» **DATA SUPPLIED**:

(* For every integer $n\ge4$, $\gamma_{(1,1,0)}^s(P_n)=2\lceil n/3\rceil$.
   Context: $P_n$ is the path on $n$ vertices; $N(v)$ is the open neighbourhood. For a graph $G$, a function $f:V(G)\to\{0,1,2\}$ is a $(1,1,0)$-dominating function if $\sum_{u\in N(v)}f(u)\ge1$ for every vertex $v$ with $f(v)\in\{0,1\}$. For adjacent $v,u$ with $f(v)=0$, $f(u)>0$, $f_{u\to v}$ is defined by $f_{u\to v}(v)=1$, $f_{u\to v}(u)=f(u)-1$, $f_{u\to v}(x)=f(x)$ otherwise. $f$ is a secure $(1,1,0)$-dominating function if it is $(1,1,0)$-dominating and for every $v$ with $f(v)=0$ there is $u\in N(v)$ with $f(u)>0$ such that $f_{u\to v}$ is $(1,1,0)$-dominating. $\gamma_{(1,1,0)}^s(G)$ is the minimum of $\sum_v f(v)$ over secure $(1,1,0)$-dominating functions. *)

theory Defs
  imports Complex_Main
begin

text \<open>A finite simple graph is given by a vertex set V and a symmetric irreflexive
adjacency relation E.\<close>

definition nbhd :: "'a set \<Rightarrow> ('a \<Rightarrow> 'a \<Rightarrow> bool) \<Rightarrow> 'a \<Rightarrow> 'a set" where
  "nbhd V E v = {u \<in> V. E v u}"

definition labelling :: "'a set \<Rightarrow> ('a \<Rightarrow> nat) \<Rightarrow> bool" where
  "labelling V f \<longleftrightarrow> (\<forall>v\<in>V. f v \<in> {0,1,2}) \<and> (\<forall>v. v \<notin> V \<longrightarrow> f v = 0)"

definition dom110 :: "'a set \<Rightarrow> ('a \<Rightarrow> 'a \<Rightarrow> bool) \<Rightarrow> ('a \<Rightarrow> nat) \<Rightarrow> bool" where
  "dom110 V E f \<longleftrightarrow> labelling V f \<and>
     (\<forall>v\<in>V. f v \<in> {0,1} \<longrightarrow> (\<Sum>u\<in>nbhd V E v. f u) \<ge> 1)"

definition move :: "('a \<Rightarrow> nat) \<Rightarrow> 'a \<Rightarrow> 'a \<Rightarrow> ('a \<Rightarrow> nat)" where
  "move f u v = (\<lambda>x. if x = v then 1 else if x = u then f u - 1 else f x)"

definition secure_dom110 :: "'a set \<Rightarrow> ('a \<Rightarrow> 'a \<Rightarrow> bool) \<Rightarrow> ('a \<Rightarrow> nat) \<Rightarrow> bool" where
  "secure_dom110 V E f \<longleftrightarrow> dom110 V E f \<and>
     (\<forall>v\<in>V. f v = 0 \<longrightarrow> (\<exists>u\<in>nbhd V E v. f u > 0 \<and> dom110 V E (move f u v)))"

definition gamma_s110 :: "'a set \<Rightarrow> ('a \<Rightarrow> 'a \<Rightarrow> bool) \<Rightarrow> nat" where
  "gamma_s110 V E = Min {(\<Sum>v\<in>V. f v) | f. secure_dom110 V E f}"

definition path_V :: "nat \<Rightarrow> nat set" where
  "path_V n = {0..<n}"

definition path_E :: "nat \<Rightarrow> nat \<Rightarrow> bool" where
  "path_E i j \<longleftrightarrow> i = j + 1 \<or> j = i + 1"

end

(* In any graph, a secure (1,1,0)-dominating function f gives every closed neighbourhood
   weight at least 2: if f v = 0 and the defender u of v moves one unit to v, then v carries 1
   and must still see positive weight, so the neighbours of v carried at least 2 before the move.
   On P_n this bounds the first pair, every three consecutive vertices and the last pair;
   tiling 0, ..., n - 1 by the first pair, triples and the last pair gives 2 ceil(n/3).
   Conversely, weight 2 on every third vertex dominates P_n when the residue class is chosen to
   cover both ends, and a dominating function without value 1 is automatically secure, because
   moving one unit away from a 2 leaves weight 1 on both endpoints of the move. *)

theory Submission
  imports Defs
begin

lemma one_le_sum_nbhd_iff:
  fixes f :: "'a \<Rightarrow> nat"
  assumes "finite V"
  shows "1 \<le> (\<Sum>u\<in>nbhd V E v. f u) \<longleftrightarrow> (\<exists>u\<in>nbhd V E v. 0 < f u)"
proof -
  have "finite (nbhd V E v)" using assms by (simp add: nbhd_def)
  then have "(\<Sum>u\<in>nbhd V E v. f u) = 0 \<longleftrightarrow> (\<forall>u\<in>nbhd V E v. f u = 0)" by simp
  then show ?thesis by (auto simp: Suc_le_eq)
qed

lemma dom110_iff_positive_neighbour:
  assumes "finite V"
  shows "dom110 V E f \<longleftrightarrow>
    labelling V f \<and> (\<forall>v\<in>V. f v \<le> 1 \<longrightarrow> (\<exists>u\<in>nbhd V E v. 0 < f u))"
  unfolding dom110_def one_le_sum_nbhd_iff[OF assms] by auto

lemma labelling_le_2: "labelling V f \<Longrightarrow> f v \<le> 2"
  unfolding labelling_def by (cases "v \<in> V") auto

lemma sum_move:
  assumes "finite A" "u \<in> A" "v \<notin> A" "0 < f u"
  shows "(\<Sum>x\<in>A. move f u v x) + 1 = (\<Sum>x\<in>A. f x)"
proof -
  have "u \<noteq> v" using assms by blast
  have "(\<Sum>x\<in>A - {u}. move f u v x) = (\<Sum>x\<in>A - {u}. f x)"
    using assms by (intro sum.cong) (auto simp: move_def)
  moreover have "move f u v u = f u - 1" using \<open>u \<noteq> v\<close> by (simp add: move_def)
  ultimately show ?thesis
    using assms by (simp add: sum.remove)
qed

lemma secure_dom110_closed_nbhd_weight:
  assumes "finite V" and irrefl: "\<And>x. \<not> E x x"
    and sec: "secure_dom110 V E f" and "v \<in> V"
  shows "2 \<le> f v + (\<Sum>u\<in>nbhd V E v. f u)"
proof -
  have dom: "dom110 V E f" using sec by (simp add: secure_dom110_def)
  have fin: "finite (nbhd V E v)" using \<open>finite V\<close> by (simp add: nbhd_def)
  have "v \<notin> nbhd V E v" using irrefl by (simp add: nbhd_def)
  consider "f v = 0" | "f v = 1" | "f v = 2"
    using dom \<open>v \<in> V\<close> by (auto simp: dom110_def labelling_def)
  then show ?thesis
  proof cases
    case 1
    then obtain u where u: "u \<in> nbhd V E v" "0 < f u" and dom': "dom110 V E (move f u v)"
      using sec \<open>v \<in> V\<close> by (auto simp: secure_dom110_def)
    have "move f u v v = 1" by (simp add: move_def)
    then have "1 \<le> (\<Sum>x\<in>nbhd V E v. move f u v x)"
      using dom' \<open>v \<in> V\<close> by (simp add: dom110_def)
    then show ?thesis
      using sum_move[of _ u v f, OF fin u(1) \<open>v \<notin> nbhd V E v\<close> u(2)] by simp
  next
    case 2
    then show ?thesis using dom \<open>v \<in> V\<close> by (simp add: dom110_def)
  qed simp
qed

lemma dom110_move_from_2:
  assumes "finite V" and dom: "dom110 V E f"
    and "u \<in> nbhd V E v" "v \<in> nbhd V E u" and "f u = 2"
  shows "dom110 V E (move f u v)"
proof -
  let ?g = "move f u v"
  have "u \<in> V" "v \<in> V" using assms(3,4) by (simp_all add: nbhd_def)
  have "labelling V ?g"
    using dom \<open>u \<in> V\<close> \<open>v \<in> V\<close> \<open>f u = 2\<close>
    by (auto simp: dom110_def labelling_def move_def)
  moreover have "\<exists>y\<in>nbhd V E x. 0 < ?g y" if "x \<in> V" "?g x \<le> 1" for x
  proof -
    consider "x = v" | "x = u" | "x \<noteq> u" "x \<noteq> v" by blast
    then show ?thesis
    proof cases
      case 3
      then have "f x \<le> 1" using that by (simp add: move_def)
      then obtain y where "y \<in> nbhd V E x" "0 < f y"
        using dom \<open>x \<in> V\<close> by (auto simp: dom110_iff_positive_neighbour[OF \<open>finite V\<close>])
      moreover have "0 < ?g y" using \<open>0 < f y\<close> \<open>f u = 2\<close> by (simp add: move_def)
      ultimately show ?thesis by blast
    qed (use assms in \<open>auto simp: move_def\<close>)
  qed
  ultimately show ?thesis by (simp add: dom110_iff_positive_neighbour[OF \<open>finite V\<close>])
qed

lemma secure_dom110_if_no_value_1:
  assumes "finite V" and sym: "\<And>x y. E x y \<Longrightarrow> E y x"
    and dom: "dom110 V E f" and no_1: "\<And>x. f x \<noteq> 1"
  shows "secure_dom110 V E f"
  unfolding secure_dom110_def
proof (intro conjI ballI impI dom)
  fix v assume "v \<in> V" "f v = 0"
  then obtain u where u: "u \<in> nbhd V E v" "0 < f u"
    using dom by (auto simp: dom110_iff_positive_neighbour[OF \<open>finite V\<close>])
  have "f u = 2"
    using u no_1[of u] labelling_le_2[of V f u] dom by (auto simp: dom110_def)
  moreover have "v \<in> nbhd V E u" using u \<open>v \<in> V\<close> sym by (auto simp: nbhd_def)
  ultimately show "\<exists>u\<in>nbhd V E v. 0 < f u \<and> dom110 V E (move f u v)"
    using u dom110_move_from_2[OF \<open>finite V\<close> dom] by blast
qed

lemma gamma_s110_eqI:
  assumes "finite V" and "secure_dom110 V E f" and "(\<Sum>v\<in>V. f v) = k"
    and "\<And>g. secure_dom110 V E g \<Longrightarrow> k \<le> (\<Sum>v\<in>V. g v)"
  shows "gamma_s110 V E = k"
  unfolding gamma_s110_def
proof (rule Min_eqI)
  have "(\<Sum>v\<in>V. g v) \<le> 2 * card V" if "secure_dom110 V E g" for g
  proof -
    have "labelling V g" using that by (simp add: secure_dom110_def dom110_def)
    then have "(\<Sum>v\<in>V. g v) \<le> (\<Sum>v\<in>V. 2)" by (intro sum_mono labelling_le_2)
    then show ?thesis by simp
  qed
  then have "{(\<Sum>v\<in>V. g v) |g. secure_dom110 V E g} \<subseteq> {..2 * card V}" by auto
  then show "finite {(\<Sum>v\<in>V. g v) |g. secure_dom110 V E g}" by (rule finite_subset) simp
qed (use assms in auto)

lemma mem_nbhd_path:
  "u \<in> nbhd (path_V n) path_E v \<longleftrightarrow> u < n \<and> (u + 1 = v \<or> v + 1 = u)"
  by (auto simp: nbhd_def path_V_def path_E_def)

lemma sum_nbhd_path:
  assumes "v < n"
  shows "(\<Sum>u\<in>nbhd (path_V n) path_E v. g u) =
    (if 0 < v then g (v - 1) else 0) + (if v + 1 < n then g (v + 1) else 0)"
proof -
  have "nbhd (path_V n) path_E v =
      (if 0 < v then {v - 1} else {}) \<union> (if v + 1 < n then {v + 1} else {})"
    using assms by (auto simp: mem_nbhd_path)
  then show ?thesis by (auto simp: add.commute)
qed

lemma secure_dom110_path_closed_nbhd:
  assumes "secure_dom110 (path_V n) path_E f" and "v < n"
  shows "2 \<le> (if 0 < v then f (v - 1) else 0) + f v + (if v + 1 < n then f (v + 1) else 0)"
proof -
  have "2 \<le> f v + (\<Sum>u\<in>nbhd (path_V n) path_E v. f u)"
    by (rule secure_dom110_closed_nbhd_weight[OF _ _ assms(1)])
      (use assms(2) in \<open>auto simp: path_V_def path_E_def\<close>)
  then show ?thesis using assms(2) by (simp add: sum_nbhd_path)
qed

lemma secure_dom110_path_prefix_sum:
  assumes sec: "secure_dom110 (path_V n) path_E f"
  shows "m \<le> n \<Longrightarrow> 2 * ((m + 1) div 3) \<le> (\<Sum>i<m. f i)"
proof (induction m rule: less_induct)
  case (less m)
  consider "m < 2" | "m = 2" | "3 \<le> m" by linarith
  then show ?case
  proof cases
    case 2
    then show ?thesis
      using secure_dom110_path_closed_nbhd[OF sec, of 0] less.prems
      by (simp add: numeral_2_eq_2)
  next
    case 3
    define k where "k = m - 3"
    have m: "m = Suc (Suc (Suc k))" using 3 by (simp add: k_def)
    have "2 * ((k + 1) div 3) \<le> (\<Sum>i<k. f i)"
      using less.IH[of k] less.prems m by simp
    moreover have "2 \<le> f k + f (Suc k) + f (Suc (Suc k))"
      using secure_dom110_path_closed_nbhd[OF sec, of "Suc k"] less.prems m by simp
    moreover have "(m + 1) div 3 = (k + 1) div 3 + 1" using m by simp
    ultimately show ?thesis using m by simp
  qed simp
qed

lemma secure_dom110_path_sum_ge:
  assumes sec: "secure_dom110 (path_V n) path_E f"
  shows "2 * ((n + 2) div 3) \<le> (\<Sum>i<n. f i)"
proof -
  consider "n = 0" | "n = 1" | "2 \<le> n" by linarith
  then show ?thesis
  proof cases
    case 2
    then show ?thesis using secure_dom110_path_closed_nbhd[OF sec, of 0] by simp
  next
    case 3
    define k where "k = n - 2"
    have n: "n = Suc (Suc k)" using 3 by (simp add: k_def)
    have "2 * ((k + 1) div 3) \<le> (\<Sum>i<k. f i)"
      using secure_dom110_path_prefix_sum[OF sec, of k] n by simp
    moreover have "2 \<le> f k + f (Suc k)"
      using secure_dom110_path_closed_nbhd[OF sec, of "Suc k"] n by simp
    moreover have "(n + 2) div 3 = (k + 1) div 3 + 1" using n by simp
    ultimately show ?thesis using n by simp
  qed simp
qed

(* r = 0 puts weight on the last vertex n - 1 when n mod 3 = 1; otherwise r = 1 already
   dominates both ends. *)
definition witness_residue :: "nat \<Rightarrow> nat" where
  "witness_residue n = (if n mod 3 = 1 then 0 else 1)"

definition path_witness :: "nat \<Rightarrow> nat \<Rightarrow> nat" where
  "path_witness n i = (if i < n \<and> i mod 3 = witness_residue n then 2 else 0)"

lemma path_witness_dom110: "dom110 (path_V n) path_E (path_witness n)"
proof -
  have "finite (path_V n)" by (simp add: path_V_def)
  moreover have "labelling (path_V n) (path_witness n)"
    by (simp add: labelling_def path_witness_def path_V_def)
  moreover have "\<exists>u\<in>nbhd (path_V n) path_E v. 0 < path_witness n u"
    if "v \<in> path_V n" "path_witness n v \<le> 1" for v
  proof -
    define r where "r = witness_residue n"
    have "v < n" using that by (simp add: path_V_def)
    have "v mod 3 \<noteq> r" using that \<open>v < n\<close> by (auto simp: path_witness_def r_def)
    moreover have "r \<le> 1" by (simp add: r_def witness_residue_def)
    ultimately have below: "(v + 1) mod 3 \<noteq> r \<Longrightarrow> 0 < v \<and> (v - 1) mod 3 = r"
      by (cases v) (auto simp: mod_Suc split: if_splits)
    have "\<exists>u<n. (u + 1 = v \<or> v + 1 = u) \<and> u mod 3 = r"
    proof (cases "(v + 1) mod 3 = r")
      case True
      moreover have "v + 1 \<noteq> n \<or> (v + 1) mod 3 \<noteq> r" by (auto simp: r_def witness_residue_def)
      ultimately show ?thesis using \<open>v < n\<close> by (intro exI[of _ "v + 1"]) auto
    next
      case False
      then show ?thesis using below \<open>v < n\<close> by (intro exI[of _ "v - 1"]) auto
    qed
    then show ?thesis by (auto simp: mem_nbhd_path path_witness_def r_def)
  qed
  ultimately show ?thesis by (simp add: dom110_iff_positive_neighbour)
qed

lemma path_witness_secure_dom110: "secure_dom110 (path_V n) path_E (path_witness n)"
  by (rule secure_dom110_if_no_value_1[OF _ _ path_witness_dom110])
    (auto simp: path_V_def path_E_def path_witness_def)

lemma sum_residue_class_mod_3:
  fixes r m :: nat
  assumes "r < 3"
  shows "(\<Sum>i<m. if i mod 3 = r then 2 else 0) = 2 * ((m + 2 - r) div 3)"
proof (induction m)
  case (Suc m)
  define q s where "q = m div 3" and "s = m mod 3"
  have "s \<in> {0, 1, 2}" "r \<in> {0, 1, 2}" using assms by (auto simp: s_def)
  moreover have "Suc m + 2 - r = s + 3 - r + 3 * q" "m + 2 - r = s + 2 - r + 3 * q"
    using assms by (simp_all add: q_def s_def)
  ultimately have "(Suc m + 2 - r) div 3 = (m + 2 - r) div 3 + (if m mod 3 = r then 1 else 0)"
    by (auto simp: s_def)
  then show ?case using Suc by simp
qed simp

lemma sum_path_witness: "(\<Sum>i<n. path_witness n i) = 2 * ((n + 2) div 3)"
proof -
  define r where "r = witness_residue n"
  have "(\<Sum>i<n. path_witness n i) = (\<Sum>i<n. if i mod 3 = r then 2 else 0)"
    by (simp add: path_witness_def r_def)
  also have "\<dots> = 2 * ((n + 2 - r) div 3)"
    by (rule sum_residue_class_mod_3) (simp add: r_def witness_residue_def)
  also have "(n + 2 - r) div 3 = (n + 2) div 3"
    by (cases "n mod 3 = 1") (simp_all add: r_def witness_residue_def div_Suc mod_Suc)
  finally show ?thesis .
qed

lemma nat_ceiling_divide_3: "nat \<lceil>real n / 3\<rceil> = (n + 2) div 3"
proof -
  have "\<lceil>real n / 3\<rceil> = - (- int n div 3)"
    using ceiling_divide_eq_div[of "int n" 3] by simp
  also have "\<dots> = int ((n + 2) div 3)" by presburger
  finally show ?thesis by simp
qed

theorem proposition23:
  fixes n :: nat
  assumes "n \<ge> 4"
  shows "gamma_s110 (path_V n) path_E = 2 * nat \<lceil>real n / 3\<rceil>"
proof -
  have V: "path_V n = {..<n}" by (auto simp: path_V_def)
  have "gamma_s110 (path_V n) path_E = 2 * ((n + 2) div 3)"
  proof (rule gamma_s110_eqI)
    show "finite (path_V n)" by (simp add: V)
    show "secure_dom110 (path_V n) path_E (path_witness n)" by (rule path_witness_secure_dom110)
    show "(\<Sum>i\<in>path_V n. path_witness n i) = 2 * ((n + 2) div 3)"
      using sum_path_witness by (simp add: V)
    show "2 * ((n + 2) div 3) \<le> (\<Sum>i\<in>path_V n. g i)" if "secure_dom110 (path_V n) path_E g" for g
      using secure_dom110_path_sum_ge[OF that] by (simp add: V)
  qed
  then show ?thesis by (simp add: nat_ceiling_divide_3)
qed

end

» **WHAT THE TASK ASKS**: When you reach the line in the material above that holds "using assms by (intro", begin reproducing lines exactly, and stop after the line that holds "(\<Sum>x\<in>nbhd V E".

» **TASK SOLUTION**:
    using assms by (intro sum.cong) (auto simp: move_def)
  moreover have "move f u v u = f u - 1" using \<open>u \<noteq> v\<close> by (simp add: move_def)
  ultimately show ?thesis
    using assms by (simp add: sum.remove)
qed

lemma secure_dom110_closed_nbhd_weight:
  assumes "finite V" and irrefl: "\<And>x. \<not> E x x"
    and sec: "secure_dom110 V E f" and "v \<in> V"
  shows "2 \<le> f v + (\<Sum>u\<in>nbhd V E v. f u)"
proof -
  have dom: "dom110 V E f" using sec by (simp add: secure_dom110_def)
  have fin: "finite (nbhd V E v)" using \<open>finite V\<close> by (simp add: nbhd_def)
  have "v \<notin> nbhd V E v" using irrefl by (simp add: nbhd_def)
  consider "f v = 0" | "f v = 1" | "f v = 2"
    using dom \<open>v \<in> V\<close> by (auto simp: dom110_def labelling_def)
  then show ?thesis
  proof cases
    case 1
    then obtain u where u: "u \<in> nbhd V E v" "0 < f u" and dom': "dom110 V E (move f u v)"
      using sec \<open>v \<in> V\<close> by (auto simp: secure_dom110_def)
    have "move f u v v = 1" by (simp add: move_def)
    then have "1 \<le> (\<Sum>x\<in>nbhd V E v. move f u v x)"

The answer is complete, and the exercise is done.